Pero esa maleta me cuenta que podría viajar, volver, pasear por el campo, conocer lo que mis padres dejaron atrás, Y saludar por las mañanas con un ‘¡Buenos días!’ bien alto. Aquí nadie te da los buenos días. Van todos con tanta prisa…
Pero ese pueblo, que no es mío, y ya casi ni de ellos, se quedó en la memoria de los tiempos.

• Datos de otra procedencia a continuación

(* Let $n\geq 3$. There exists an $(S_1\times S_{n-1})$-equivariant acyclic matching on the face poset of $\Delta(\overline{\Pi}_n)$ such that the set of critical simplices is $C_n\cup\{\alpha_n\}$.
   Context: $\Pi_n$ is the poset of all set partitions of $[n]=\{1,\dots,n\}$ ordered by refinement (finer is smaller), and $\overline{\Pi}_n$ is obtained by removing the minimum $\{\{1\},\dots,\{n\}\}$ and maximum $\{[n]\}$. $\Delta(\overline{\Pi}_n)$ is its nerve (order complex): its simplices are the nonempty chains $x_0<x_1<\dots<x_k$ of $\overline{\Pi}_n$ (of dimension $k$), and its face poset is the set of these simplices ordered by inclusion. $S_n$ acts on $[n]$, hence on $\overline{\Pi}_n$ and on $\Delta(\overline{\Pi}_n)$; $S_1\times S_{n-1}=\{\sigma\in S_n\mid\sigma(1)=1\}$. Let $A$ be the set of partitions in $\overline{\Pi}_n$ in which every block not containing $1$ is a singleton; $C_n$ is the set of simplices of dimension $n-3$ all of whose vertices lie in $A$; $\alpha_n$ is the vertex (0-simplex) $\{\{1\},\{2,\dots,n\}\}$. A partial matching on a poset is a set of pairs $(a,b)$ with $b$ covering $a$ such that each element lies in at most one pair; it is acyclic if there is no cycle $b_1>a_1<b_2>a_2<\dots<b_t>a_t<b_1$, $t\ge2$, with distinct $b_i$ and $(a_i,b_i)$ in the matching; critical elements are the unmatched ones; a matching is $H$-equivariant if $(a,b)$ in it implies $(ha,hb)$ in it for all $h\in H$. *)

theory Defs
  imports "HOL-Library.Disjoint_Sets" "HOL-Combinatorics.Permutations"
begin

Y ahora los tiempos son otros. Van aprisa, demasiado. Por eso todas las maletas llevan ruedas. Aunque estén de vacaciones, todos van corre que te pillo.
Madrugan mucho, desayunan tres veces por lo menos (eso nos cuenta Fran, el encargado de recoger las mesas cuando termina la hora del buffet, en la salita común a la hora del descanso) y ¡ale! a patear mundo.
Eso es lo mejor, los clientes madrugadores; porque mi compañera Elvira y yo entramos con el carrito de la limpieza y dejamos las habitaciones hechas en un santiamén.
Lo primero que vemos son las maletas, que se quedan siempre descansando a los pies de la cama. A veces, pocas, cuelgan la ropa en el armario para que se le quiten las arrugas.
Elvira es más curiosa que yo y abre puertas y cajones.
Mira Luisi, qué vestidazo. Qué maravilla. –Y hace como que se lo pone y baila.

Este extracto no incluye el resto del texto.